#### WHAT THE TASK ASKS:
Both the line with "- \<eta> t\<bar>" and the line with "x) - \<eta> (2" in the records below must appear in the output, along with every line between them, exactly and with nothing added.

(RECORDS FOR THE EXERCISE Opens)

lemma rU_less_r2: "rU < r2"
  using eta1_neg[of rU] eta1_rU_pos r1_less_r2 by fastforce

lemma eta1_ge_eta1_rU: "rL \<le> x \<Longrightarrow> x \<le> rU \<Longrightarrow> \<eta>1 rU \<le> \<eta>1 x"
  using increment_le_of_deriv_le[of x rU \<eta>1 \<eta>2 0] eta1_deriv eta2_nonpos rL_pos rU_less_r2
  by force

lemma eta1_on_double_range:
  assumes "2 * rL \<le> s" "s \<le> 2 * rU"
  shows "\<eta>1 (2 * rL) \<le> \<eta>1 s" "\<eta>1 s < 0"
  using increment_ge_of_deriv_ge[of "2 * rL" s \<eta>1 \<eta>2 0] eta1_deriv eta2_nonneg eta1_neg
    assms rL_pos rL_gt r1_less_r2 by force+

lemma eta_increment_ge:
  "rL \<le> x \<Longrightarrow> x \<le> y \<Longrightarrow> y \<le> rU \<Longrightarrow> \<eta>1 rU * (y - x) \<le> \<eta> y - \<eta> x"
  using increment_ge_of_deriv_ge[of x y \<eta> \<eta>1] eta_deriv eta1_ge_eta1_rU rL_pos by force

lemma eta_expansive:
  "x \<in> {rL..rU} \<Longrightarrow> y \<in> {rL..rU} \<Longrightarrow> \<eta>1 rU * \<bar>x - y\<bar> \<le> \<bar>\<eta> x - \<eta> y\<bar>"
  by (rule abs_diff_ge_of_increment_ge[OF eta_increment_ge])

lemma eta_double_range_increment:
  assumes "2 * rL \<le> s" "s \<le> t" "t \<le> 2 * rU"
  shows "\<eta> t \<le> \<eta> s" "\<eta> s - \<eta> t \<le> - \<eta>1 (2 * rL) * (t - s)"
proof -
  have deriv: "(\<eta> has_real_derivative \<eta>1 x) (at x)" if "s \<le> x" for x
    using eta_deriv rL_pos assms that by force
  have "\<eta> t - \<eta> s \<le> 0 * (t - s)"
    using assms deriv eta1_on_double_range(2)
    by (intro increment_le_of_deriv_le[where f' = \<eta>1]) (auto intro: less_imp_le)
  then show "\<eta> t \<le> \<eta> s" by simp
  have "\<eta>1 (2 * rL) * (t - s) \<le> \<eta> t - \<eta> s"
    using assms deriv eta1_on_double_range(1) by (intro increment_ge_of_deriv_ge[where f' = \<eta>1]) auto
  then show "\<eta> s - \<eta> t \<le> - \<eta>1 (2 * rL) * (t - s)" by simp
qed

lemma eta_double_range_lipschitz:
  assumes "s \<in> {2 * rL..2 * rU}" "t \<in> {2 * rL..2 * rU}"
  shows "\<bar>\<eta> s - \<eta> t\<bar> \<le> - \<eta>1 (2 * rL) * \<bar>s - t\<bar>"
  using eta_double_range_increment[of s t] eta_double_range_increment[of t s] assms
  by (cases "s \<le> t") (auto simp: abs_if algebra_simps)

lemma eta_double_range_bounds:
  "s \<in> {2 * rL..2 * rU} \<Longrightarrow> \<eta> (2 * rU) \<le> \<eta> s \<and> \<eta> s \<le> \<eta> (2 * rL)"
  using eta_double_range_increment(1) by auto

text \<open>The continuum part of the force is monotone because \<open>\<eta>\<close> grows at rate at least
  \<open>\<eta>1 rU\<close> on \<open>[rL, rU]\<close>, while \<open>2 \<eta>(2r)\<close> decays at rate at most \<open>- 4 \<eta>1 (2 rL) \<le> \<eta>1 rU / 3\<close>.\<close>
lemma hat_eta_strict_mono_on: "strict_mono_on {rL..rU} (hat_eta \<eta>)"
proof (rule strict_mono_onI)
  fix x y assume "x \<in> {rL..rU}" "y \<in> {rL..rU}" "x < y"
  then have "\<eta>1 rU * (y - x) \<le> \<eta> y - \<eta> x"
    and "\<eta> (2 * x) - \<eta> (2 * y) \<le> - \<eta>1 (2 * rL) * (2 * y - 2 * x)"
    using eta_increment_ge eta_double_range_increment(2)[of "2 * x" "2 * y"] by auto
  moreover have "- \<eta>1 (2 * rL) * 4 * (y - x) < \<eta>1 rU * (y - x)"
    using eta1_rU_ge eta1_2rL_neg \<open>x < y\<close> by (intro mult_strict_right_mono) auto
  ultimately show "hat_eta \<eta> x < hat_eta \<eta> y"
    unfolding hat_eta_def by (simp add: algebra_simps)
qed

lemma eta_strict_mono_on: "strict_mono_on {rL..rU} \<eta>"
  using eta_increment_ge eta1_rU_pos
  by (intro strict_mono_onI) (smt (verit) atLeastAtMost_iff mult_pos_pos)

lemma eta_isCont: "0 < x \<Longrightarrow> isCont \<eta> x"
  using eta_deriv DERIV_isCont by blast
lemma sum_quadratic_points_on:
  fixes S :: "('a::{finite,field}^'n) set set" and t :: real
  assumes "\<forall>P\<in>S. pg_point P" and "real (card S) = CARD('a) * t"
  shows "(\<Sum>f\<in>UNIV. (real (points_on S f) - t) * (real (points_on S f) - 2 * t)) * CARD('a)
           = t * (real CARD('a) - 1) * real CARD('a) ^ CARD('n)"
proof -
  define q :: real where "q = CARD('a)"
  define Q :: real where "Q = q ^ CARD('n)"
  let ?m = "\<lambda>f. real (points_on S f)"
  define M1 where "M1 = (\<Sum>f\<in>UNIV. ?m f)"
  define M2 where "M2 = (\<Sum>f\<in>UNIV. ?m f ^ 2)"
  define G where "G = (\<Sum>f\<in>UNIV. (?m f - t) * (?m f - 2 * t))"
  have "q \<ge> 2" using card_field_ge_2 by (simp add: q_def)
  have m1: "M1 * q = q * t * Q"
    using arg_cong[OF sum_points_on[OF assms(1)], of real] assms(2)
    by (simp add: M1_def q_def Q_def of_nat_sum)
  have "real (card S + CARD('a) - 1) = q * t + q - 1"
    using card_field_ge_2[where 'a='a] assms(2) by (simp add: q_def of_nat_diff)
  then have m2: "M2 * q^2 = q * t * (q * t + q - 1) * Q"
    using arg_cong[OF sum_points_on_squared[OF assms(1)], of real] assms(2)
    by (simp add: M2_def q_def Q_def of_nat_sum)
  have "G = (\<Sum>f\<in>UNIV. ?m f ^ 2 - 3 * t * ?m f + 2 * t^2)"
    unfolding G_def by (rule sum.cong) (simp_all add: algebra_simps power2_eq_square)
  also have "\<dots> = M2 - 3 * t * M1 + 2 * t^2 * Q"
    by (simp add: M1_def M2_def sum.distrib sum_subtractf sum_distrib_left q_def Q_def)
  finally have "G * q^2 = (M2 - 3 * t * M1 + 2 * t^2 * Q) * q^2"
    by simp
  also have "\<dots> = M2 * q^2 - 3 * t * q * (M1 * q) + 2 * t^2 * Q * q^2"
    by (simp add: algebra_simps power2_eq_square)
  also have "\<dots> = t * (q - 1) * Q * q"
    unfolding m1 m2 by (simp add: algebra_simps power2_eq_square)
  finally have "G * q = t * (q - 1) * Q"
    using \<open>q \<ge> 2\<close> by (simp add: power2_eq_square)
  then show ?thesis by (simp add: G_def q_def Q_def)
qed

(RECORDS FOR THE EXERCISE Closes)

#### ANSWER SPACE:
  shows "\<bar>\<eta> s - \<eta> t\<bar> \<le> - \<eta>1 (2 * rL) * \<bar>s - t\<bar>"
  using eta_double_range_increment[of s t] eta_double_range_increment[of t s] assms
  by (cases "s \<le> t") (auto simp: abs_if algebra_simps)

lemma eta_double_range_bounds:
  "s \<in> {2 * rL..2 * rU} \<Longrightarrow> \<eta> (2 * rU) \<le> \<eta> s \<and> \<eta> s \<le> \<eta> (2 * rL)"
  using eta_double_range_increment(1) by auto

text \<open>The continuum part of the force is monotone because \<open>\<eta>\<close> grows at rate at least
  \<open>\<eta>1 rU\<close> on \<open>[rL, rU]\<close>, while \<open>2 \<eta>(2r)\<close> decays at rate at most \<open>- 4 \<eta>1 (2 rL) \<le> \<eta>1 rU / 3\<close>.\<close>
lemma hat_eta_strict_mono_on: "strict_mono_on {rL..rU} (hat_eta \<eta>)"
proof (rule strict_mono_onI)
  fix x y assume "x \<in> {rL..rU}" "y \<in> {rL..rU}" "x < y"
  then have "\<eta>1 rU * (y - x) \<le> \<eta> y - \<eta> x"
    and "\<eta> (2 * x) - \<eta> (2 * y) \<le> - \<eta>1 (2 * rL) * (2 * y - 2 * x)"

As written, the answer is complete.